» **Action item**:
When the string "plus" is part of a line below, that line should be copied.

------------------------------------------------------------

definition frame_inc :: "'v set \<Rightarrow> 'v set \<Rightarrow> nat \<Rightarrow> ('e \<Rightarrow> 'v) \<Rightarrow> 'e \<times> nat \<Rightarrow> ('v \<times> nat) set" where
  "frame_inc V V0 a s = (\<lambda>(e, j). frame_cls V V0 a (s e, j))"

definition frame_fun :: "('e \<Rightarrow> 'b) \<Rightarrow> 'e \<times> nat \<Rightarrow> 'b" where
  "frame_fun f = (\<lambda>(e, j). f e)"

definition frame_virt :: "'v set \<Rightarrow> 'v set \<Rightarrow> nat \<Rightarrow> 'v set \<Rightarrow> ('v \<times> nat) set set" where
  "frame_virt V V0 a V1 = {frame_cls V V0 a (v1, j) | v1 j. v1 \<in> V1 \<and> j \<in> {1..a}}"

definition frame_spec ::
  "'v set \<Rightarrow> 'e set \<Rightarrow> ('e \<Rightarrow> 'v) \<Rightarrow> ('e \<Rightarrow> 'v) \<Rightarrow> ('e \<Rightarrow> real) \<Rightarrow> ('e \<Rightarrow> real) \<Rightarrow> 'v set \<Rightarrow> 'v set \<Rightarrow> nat \<Rightarrow> complex multiset"
where
  "frame_spec V E src tgt w \<alpha> V1 V0 a =
     dirichlet_spec (frame_V V V0 a) (frame_E E a) (frame_inc V V0 a src) (frame_inc V V0 a tgt)
       (frame_fun w) (frame_fun \<alpha>) (frame_virt V V0 a V1)"

definition mset_scale :: "nat \<Rightarrow> 'a multiset \<Rightarrow> 'a multiset" where
  "mset_scale k M = repeat_mset k M"

end

theory Submission
  imports Defs
begin
(* Let $n\ge4$ be even. The affine $n$-diagrams lying in $O_n$ and having at least one vertical edge are exactly the diagrams $[S_1,S_2,r(S_1,S_2)+w]$ with $t\in\{2,4,\dots,n\}$, $S_1,S_2\in\mathrm{Ann}(n)\cap I(t)$ and $w\in2\mathbb{Z}$, and distinct such triples $(S_1,S_2,w)$ give distinct diagrams.
   Context: An affine $n$-diagram consists of the nodes $\mathbb{Z}\times\{0,1\}\subset\mathbb{R}^2$ together with curves called edges such that: every node is an endpoint of exactly one edge; edges lie in $\mathbb{R}\times[0,1]$; an edge not joining two nodes is an infinite horizontal line meeting no node, and there are finitely many such; no two edges intersect; the diagram is invariant under horizontal translation by $n$. Diagrams are taken up to isotopy (equivalently drawn on a cylinder with nodes $1,\dots,n$, indices mod $n$, on a top and a bottom circle). An edge is vertical if it joins a top node to a bottom node. The number of intersections of a diagram with the line $x=i+\tfrac12$ means the minimum over isotopic representatives; a diagram lies in $O_n$ if this number is even for every $i\in\mathbb{Z}$ ($O_n$ being the span of such diagrams in the diagram algebra $D_n$). An involution $S$ of $\{1,\dots,n\}$ is annular if for each pair $i<j$ interchanged by $S$: $S(\{i,\dots,j\})=\{i,\dots,j\}$, and $\{i,\dots,j\}$ contains either no fixed point or all fixed points of $S$. $\mathrm{Ann}(n)$: annular involutions; $I(t)$: involutions with exactly $t$ fixed points. For a diagram $D$ with a vertical edge, $w_1(D)$ is the number of pairs $(i,j)\in\mathbb{Z}^2$, $i>j$, with bottom node $(j,0)$ joined to top node $(i,1)$ by an edge crossing $x=1/2$; $w_2(D)$ likewise with $i<j$; $w(D)=w_1(D)-w_2(D)$. The map $D\mapsto(S_1,S_2,w(D))$, with $S_1$ (resp. $S_2$) interchanging $i,j$ iff top (resp. bottom) nodes $i,j$ are joined, is a bijection from diagrams with a vertical edge onto triples with $S_1,S_2\in\mathrm{Ann}(n)\cap I(t)$, $t>0$, $w\in\mathbb{Z}$; $[S_1,S_2,w]$ denotes the corresponding diagram. $r(S_1,S_2)$ is the smallest nonnegative integer $r$ with $[S_1,S_2,r]$ in $O_n$. *)

theory Defs
  imports Main
begin

text \<open>Nodes of an affine diagram: (x, True) is the top node (x,1), (x, False) the bottom node (x,0).
  A diagram is represented up to isotopy by its matching of nodes together with the number
  of infinite horizontal lines.\<close>

type_synonym node = "int \<times> bool"
type_synonym diagram = "(node \<Rightarrow> node) \<times> nat"

definition match :: "diagram \<Rightarrow> node \<Rightarrow> node" where
  "match D = fst D"

definition nlines :: "diagram \<Rightarrow> nat" where
  "nlines D = snd D"

text \<open>Linear order on the boundary of the strip, cut at the left end:
  bottom nodes from left to right, then top nodes from right to left.
  Two chords cross iff their endpoints interleave in this order.\<close>
fun bless :: "node \<Rightarrow> node \<Rightarrow> bool" where
  "bless (a, False) (b, False) = (a < b)"
| "bless (a, False) (b, True) = True"
| "bless (a, True) (b, False) = False"
| "bless (a, True) (b, True) = (b < a)"

definition has_vertical :: "diagram \<Rightarrow> bool" where
  "has_vertical D \<longleftrightarrow> (\<exists>x. snd (match D (x, False)) = True)"

definition is_affine_diagram :: "nat \<Rightarrow> diagram \<Rightarrow> bool" where
  "is_affine_diagram n D \<longleftrightarrow>
     (\<forall>p. match D p \<noteq> p \<and> match D (match D p) = p) \<and>
     (\<forall>x s. match D (x + int n, s) =
              (fst (match D (x, s)) + int n, snd (match D (x, s)))) \<and>
     (\<forall>p q. bless p (match D p) \<and> bless q (match D q) \<longrightarrow>
            \<not> (bless p q \<and> bless q (match D p) \<and> bless (match D p) (match D q))) \<and>
     (nlines D > 0 \<longrightarrow> \<not> has_vertical D)"

text \<open>Minimal number of intersections with the line x = i + 1/2: every edge whose endpoints
  lie on different sides of the line (counted at its endpoint with smaller x-coordinate),
  plus every horizontal line.\<close>
definition cross_count :: "diagram \<Rightarrow> int \<Rightarrow> nat" where
  "cross_count D i = card {p. fst p \<le> i \<and> i < fst (match D p)} + nlines D"

definition in_O :: "diagram \<Rightarrow> bool" where
  "in_O D \<longleftrightarrow> (\<forall>i. even (cross_count D i))"

definition invols :: "nat \<Rightarrow> (int \<Rightarrow> int) set" where
  "invols n = {S. (\<forall>x. x \<notin> {1..int n} \<longrightarrow> S x = x) \<and>
                  (\<forall>x\<in>{1..int n}. S x \<in> {1..int n} \<and> S (S x) = x)}"

definition fixpts :: "nat \<Rightarrow> (int \<Rightarrow> int) \<Rightarrow> int set" where
  "fixpts n S = {x \<in> {1..int n}. S x = x}"

definition Ann :: "nat \<Rightarrow> (int \<Rightarrow> int) set" where
  "Ann n = {S \<in> invols n. \<forall>i j. i \<in> {1..int n} \<and> j \<in> {1..int n} \<and> i < j \<and> S i = j \<longrightarrow>
              S ` {i..j} = {i..j} \<and>
              ({i..j} \<inter> fixpts n S = {} \<or> fixpts n S \<subseteq> {i..j})}"

definition Inv :: "nat \<Rightarrow> nat \<Rightarrow> (int \<Rightarrow> int) set" where
  "Inv n t = {S \<in> invols n. card (fixpts n S) = t}"

text \<open>S_1 (top) and S_2 (bottom): i, j interchanged iff the corresponding nodes (mod n) are joined.\<close>
definition S_side :: "nat \<Rightarrow> bool \<Rightarrow> diagram \<Rightarrow> int \<Rightarrow> int" where
  "S_side n s D i = (if i \<in> {1..int n} \<and> snd (match D (i, s)) = s
                     then (fst (match D (i, s)) - 1) mod int n + 1 else i)"

definition S1 :: "nat \<Rightarrow> diagram \<Rightarrow> int \<Rightarrow> int" where
  "S1 n = S_side n True"

definition S2 :: "nat \<Rightarrow> diagram \<Rightarrow> int \<Rightarrow> int" where
  "S2 n = S_side n False"

definition w1 :: "diagram \<Rightarrow> nat" where
  "w1 D = card {(i, j). i > j \<and> match D (j, False) = (i, True) \<and> j \<le> 0 \<and> 0 < i}"

definition w2 :: "diagram \<Rightarrow> nat" where
  "w2 D = card {(i, j). i < j \<and> match D (j, False) = (i, True) \<and> i \<le> 0 \<and> 0 < j}"

definition wind :: "diagram \<Rightarrow> int" where
  "wind D = int (w1 D) - int (w2 D)"

definition bracket :: "nat \<Rightarrow> (int \<Rightarrow> int) \<Rightarrow> (int \<Rightarrow> int) \<Rightarrow> int \<Rightarrow> diagram" where
  "bracket n A B w = (THE D. is_affine_diagram n D \<and> has_vertical D \<and>
       S1 n D = A \<and> S2 n D = B \<and> wind D = w)"

definition rmin :: "nat \<Rightarrow> (int \<Rightarrow> int) \<Rightarrow> (int \<Rightarrow> int) \<Rightarrow> int" where
  "rmin n A B = int (LEAST r::nat. in_O (bracket n A B (int r)))"

end

theory Submission
  imports Defs
begin

text \<open>A diagram D with a vertical edge is determined by S1 D, S2 D and its winding number.
  Its top arcs form the unique periodic lift of S1 D whose arcs never enclose the top end of a
  vertical edge, and likewise at the bottom; by planarity the vertical edges join the lifted
  fixed points of S2 D to those of S1 D in increasing order, so the index of the top end is the
  index of the bottom end plus a constant, which is the winding number. Conversely, every pair
  of annular involutions with the same positive number of fixed points and every shift give a
  diagram, so [S1, S2, w] exists and is unique.

  The parity of the number of intersections with x = i + 1/2 does not depend on i: moving the
  line past column i + 1 changes it by the number of nodes of that column which are not joined
  to each other, which is 0 or 2. At x = 1/2 the count is the number of arcs over the cut plus
  the absolute value of w. Hence [S1, S2, w] lies in O_n iff w has the parity of r(S1, S2);
  finally, an involution of {1..n} with n even has an even number of fixed points.\<close>

section \<open>Residues modulo n and periodic enumeration\<close>

definition residue :: "nat \<Rightarrow> int \<Rightarrow> int" where
  "residue n x = (x - 1) mod int n + 1"

definition block :: "nat \<Rightarrow> int \<Rightarrow> int" where
  "block n x = (x - 1) div int n"

lemma residue_in_window: "n > 0 \<Longrightarrow> residue n x \<in> {1..int n}"
  unfolding residue_def by (simp add: pos_mod_bound add1_zle_eq)

lemma residue_block: "x = residue n x + block n x * int n"
  unfolding residue_def block_def using mod_div_mult_eq[of "x - 1" "int n"] by linarith

lemma residue_shift: "residue n (x + k * int n) = residue n x"
  unfolding residue_def by (metis add_diff_eq diff_add_eq mod_mult_self1)

lemma block_shift: "n > 0 \<Longrightarrow> block n (x + k * int n) = block n x + k"
  unfolding block_def by (simp add: diff_add_eq[symmetric])

lemma residue_id: "x \<in> {1..int n} \<Longrightarrow> residue n x = x"
  unfolding residue_def by simp

lemma block_id: "x \<in> {1..int n} \<Longrightarrow> block n x = 0"
  unfolding block_def by simp

lemma residue_eq_iff: "residue n x = residue n y \<longleftrightarrow> y = x + (block n y - block n x) * int n"
proof
  assume "residue n x = residue n y"
  then show "y = x + (block n y - block n x) * int n"
    using residue_block[of x n] residue_block[of y n] by (simp add: algebra_simps)
next
  assume "y = x + (block n y - block n x) * int n"
  then show "residue n x = residue n y" using residue_shift by metis
qed

text \<open>The increasing enumeration of E + n\<int>, normalised so that index 1 is the least element
  of E.\<close>
definition periodic_enum :: "nat \<Rightarrow> int set \<Rightarrow> int \<Rightarrow> int" where
  "periodic_enum n E k = sorted_list_of_set E ! nat ((k - 1) mod int (card E))
                         + ((k - 1) div int (card E)) * int n"

definition periodic_index :: "nat \<Rightarrow> int set \<Rightarrow> int \<Rightarrow> int" where
  "periodic_index n E x = (THE k. periodic_enum n E k = x)"

locale window_subset =
  fixes n :: nat and E :: "int set"
  assumes subset_window: "E \<subseteq> {1..int n}" and nonempty: "E \<noteq> {}"
begin

abbreviation "enum \<equiv> periodic_enum n E"
abbreviation "elems \<equiv> sorted_list_of_set E"

lemma finite: "finite E"
  using subset_window finite_subset by blast

lemma card_pos: "card E > 0"
  using finite nonempty by (simp add: card_gt_0_iff)

lemma elems_nth: "j < card E \<Longrightarrow> elems ! j \<in> E"
  using finite by (metis length_sorted_list_of_set nth_mem set_sorted_list_of_set)

lemma elems_nth_window: "j < card E \<Longrightarrow> elems ! j \<in> {1..int n}"
  using elems_nth subset_window by blast

lemma elems_nth_less: "j < j' \<Longrightarrow> j' < card E \<Longrightarrow> elems ! j < elems ! j'"
  using strict_sorted_list_of_set[of E] by (simp add: sorted_wrt_nth_less)

lemma enum_eq:
  assumes "k - 1 = q * int (card E) + int j" and "j < card E"
  shows "enum k = elems ! j + q * int n"
proof -
  have "(k - 1) div int (card E) = q" "(k - 1) mod int (card E) = int j"
    using assms by (simp_all add: add.commute)
  then show ?thesis unfolding periodic_enum_def by simp
qed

------------------------------------------------------------

» **Response to this exercise**:
  plus every horizontal line.\<close>
  index of the bottom end plus a constant, which is the winding number. Conversely, every pair
  to each other, which is 0 or 2. At x = 1/2 the count is the number of arcs over the cut plus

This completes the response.